The moment he’d switched his four greens for one red he had marked himself down as the man to beat, the man to hate, the pantomime villain. If, as so many Mayfair landlords tended to be, he was an honours graduate of the ‘It’s a pleasure doing business with you’ school of rent collection, an advance down-payment on those Community Chest medical bills might be in order.

  In the end, when you did wind up on Mayfair it would usually be via some farcial anticlimax: you’d land on Liverpool Street, only to hear those nose-thumbing whoops die in your throat as the next roll was a four, or you’d blithely plonk your Scottie on that Chance square next to The Angel, and, like a whistling, carefree milkman shot through the neck by a lunatic urban sniper, turn over ADVANCE TO MAYFAIR. Criminal psychologists and addiction counsellors could save a lot of time by scrapping all that blather about personality profiles and upbringing in place of a single yes or no question: have you ever landed on a Park Lane hotel then rolled a double one?

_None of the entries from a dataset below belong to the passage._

lemma dpsgd_tuned_opt_risk_le:
  fixes grad :: "real^'d::finite \<Rightarrow> 'z \<Rightarrow> real^'d" and loss :: "real^'d \<Rightarrow> 'z \<Rightarrow> real"
    and Gf :: "'z \<Rightarrow> real" and W :: "(real^'d) set" and w0 ws :: "real^'d"
    and k G \<gamma> \<phi> b \<sigma> :: real and n T :: nat and Z :: "nat \<Rightarrow> 'z"
  defines "s \<equiv> 1 / real T + \<phi>\<^sup>2"
  defines "\<tau> \<equiv> G / \<gamma> powr (1 / k) * s powr (- 1 / (2 * k))"
  defines "\<eta> \<equiv> diameter W / (real T * \<tau>) * s powr (- 1 / 2)"
  assumes deriv: "\<And>w z. ((\<lambda>v. loss v z) has_derivative (\<lambda>h. grad w z \<bullet> h)) (at w)"
    and W: "convex W" "closed W" "bounded W" and w0: "w0 \<in> W" and ws: "ws \<in> W"
    and convex: "convex_on W (emp_obj loss n Z)"
    and b: "1 \<le> b" "b \<le> real n" and k: "1 < k" and G: "0 < G" and \<gamma>: "0 < \<gamma>" and T: "1 \<le> T"
    and \<sigma>: "0 < \<sigma>" and noise: "real CARD('d) * \<sigma>\<^sup>2 = real T * \<tau>\<^sup>2 * \<phi>\<^sup>2"
    and grad_le: "\<And>i w. i < n \<Longrightarrow> w \<in> W \<Longrightarrow> norm (grad w (Z i)) \<le> Gf (Z i)"
    and moment: "(1 / real n) * (\<Sum>i<n. Gf (Z i) powr k) \<le> G powr k / \<gamma>"
  shows "dpsgd_opt_risk loss grad n Z W w0 \<eta> b \<tau> \<sigma> T ws
    \<le> 5 * diameter W * G / (2 * \<gamma> powr (1 / k)) * s powr ((1 - 1 / k) / 2)"
proof -
  have s: "0 < s"
    using T by (simp add: s_def add_pos_nonneg)
  have \<tau>: "0 < \<tau>"
    using G \<gamma> s by (simp add: \<tau>_def)
  interpret dpsgd_run grad n Z W w0 \<eta> b \<tau> \<sigma> T
    by unfold_locales (use borel_measurable_gradient[OF deriv] W w0 b \<tau> \<sigma> in auto)
  show ?thesis
  proof (cases "diameter W = 0")
    case True
    then have "iterate \<omega> t = ws" for \<omega> t
      using norm_diff_le_diameter[OF iterate_in ws] by simp
    then show ?thesis
      using True T by (simp add: dpsgd_opt_risk_def prob_space)
  next
    case False
    then have D: "0 < diameter W"
      using diameter_ge_0[OF W(3)] by linarith
    then have \<eta>: "0 < \<eta>"
      using T \<tau> s by (simp add: \<eta>_def)
    have "dpsgd_opt_risk loss grad n Z W w0 \<eta> b \<tau> \<sigma> T ws
        \<le> (diameter W)\<^sup>2 / (2 * \<eta> * real T) + \<eta> * (2 * \<tau>\<^sup>2 + real CARD('d) * \<sigma>\<^sup>2) / 2
          + diameter W * (G powr k / \<gamma> / \<tau> powr (k - 1))"
    proof (rule excess_risk_le[OF deriv convex ws \<eta>])
      show "(1 / real n) * (\<Sum>i<n. norm (grad u (Z i) - clip (grad u (Z i)) \<tau>)) \<le> G powr k / \<gamma> / \<tau> powr (k - 1)"
        if "u \<in> W" for u
        by (rule mean_clipping_bias_le[OF \<tau> _ _ moment]) (use k grad_le that in auto)
    qed (use T in simp)
    also have "\<dots> \<le> 5 * diameter W * G / (2 * \<gamma> powr (1 / k)) * s powr ((1 - 1 / k) / 2)"
      using tuned_parameters_bound[of k G \<gamma> "real T" "diameter W" \<phi>] k G \<gamma> T D
      unfolding noise \<eta>_def \<tau>_def s_def by simp
    finally show ?thesis .
  qed
qed

lemma dp_noise_calibration:
  fixes \<nu> \<delta> \<epsilon> \<tau> :: real and n T d :: nat
  defines "\<phi> \<equiv> sqrt (\<nu> * real d * ln (1 / \<delta>)) / (real n * \<epsilon>)"
  defines "\<sigma> \<equiv> sqrt (\<nu> * real T * ln (1 / \<delta>) * \<tau>\<^sup>2 / ((real n)\<^sup>2 * \<epsilon>\<^sup>2))"
  assumes \<nu>: "0 < \<nu>" and \<delta>: "0 < \<delta>" "\<delta> < 1" and n: "0 < n" and \<epsilon>: "0 < \<epsilon>"
    and T: "0 < T" and d: "0 < d" and \<tau>: "\<tau> \<noteq> 0"
  shows "0 < \<phi>" "0 < \<sigma>" "real d * \<sigma>\<^sup>2 = real T * \<tau>\<^sup>2 * \<phi>\<^sup>2"
  using assms by (simp_all add: \<phi>_def \<sigma>_def power_divide power_mult_distrib)

lemma moment_bound_event:
  fixes Gf :: "'z \<Rightarrow> real" and P :: "'z \<Rightarrow> bool"
  assumes M: "prob_space M" and Gf: "Gf \<in> borel_measurable M" "integrable M (\<lambda>z. Gf z powr k)"
    and moment: "(\<integral>z. Gf z powr k \<partial>M) powr (1 / k) \<le> G"
    and k: "0 < k" and G: "0 < G" and \<gamma>: "0 < \<gamma>" and n: "0 < n" and P: "AE z in M. P z"
  shows "\<exists>A \<in> sets (PiM {0..<n} (\<lambda>_. M)). 1 - \<gamma> \<le> measure (PiM {0..<n} (\<lambda>_. M)) A \<and>
    (\<forall>Z\<in>A. Z \<in> space (PiM {0..<n} (\<lambda>_. M)) \<and> (1 / real n) * (\<Sum>i<n. Gf (Z i) powr k) \<le> G powr k / \<gamma>
      \<and> (\<forall>i<n. P (Z i)))"
proof -
  have "(\<integral>z. Gf z powr k \<partial>M) \<le> G powr k"
    using powr_mono2[OF _ _ moment, of k] k integral_nonneg_AE[of "\<lambda>z. Gf z powr k" M]
    by (simp add: powr_powr)
  then have prob: "1 - \<gamma> \<le> 1 - (\<integral>z. Gf z powr k \<partial>M) / (G powr k / \<gamma>)"
    using G \<gamma> by (simp add: field_simps)
  have "(\<lambda>z. Gf z powr k) \<in> borel_measurable M"
    using Gf(1) by measurable
  moreover have "0 < G powr k / \<gamma>"
    using G \<gamma> by simp
  ultimately obtain A where A: "A \<in> sets (PiM {0..<n} (\<lambda>_. M))"
      "1 - (\<integral>z. Gf z powr k \<partial>M) / (G powr k / \<gamma>) \<le> measure (PiM {0..<n} (\<lambda>_. M)) A"
    and good: "\<forall>Z\<in>A. Z \<in> space (PiM {0..<n} (\<lambda>_. M))
      \<and> (1 / real n) * (\<Sum>i<n. Gf (Z i) powr k) < G powr k / \<gamma> \<and> (\<forall>i<n. P (Z i))"
    using sample_mean_less_event[OF M _ Gf(2) _ _ n P] by fastforce
  show ?thesis
  proof (intro bexI[OF _ A(1)] conjI)
    show "1 - \<gamma> \<le> measure (PiM {0..<n} (\<lambda>_. M)) A"
      using prob A(2) by linarith
    show "\<forall>Z\<in>A. Z \<in> space (PiM {0..<n} (\<lambda>_. M))
        \<and> (1 / real n) * (\<Sum>i<n. Gf (Z i) powr k) \<le> G powr k / \<gamma> \<and> (\<forall>i<n. P (Z i))"
      using good by (auto intro: less_imp_le)
  qed
qed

  Occupying the first two weeks of a month I’m going to make you guess at, the annual fair held in the fields north of Piccadilly was about as classy as an event based around a seventeenth-century cattle market is ever likely to be. There were jugglers, puppet shows, tarts and the intriguing ‘hasty-pudding eaters’, who competed to ingest the greatest quantity of semolina in the shortest time. Bare-knuckle fighting was popular, as was ‘women’s foot racing’; for tuppence you could watch pinioned ducks being thrown into a pond full of spaniels.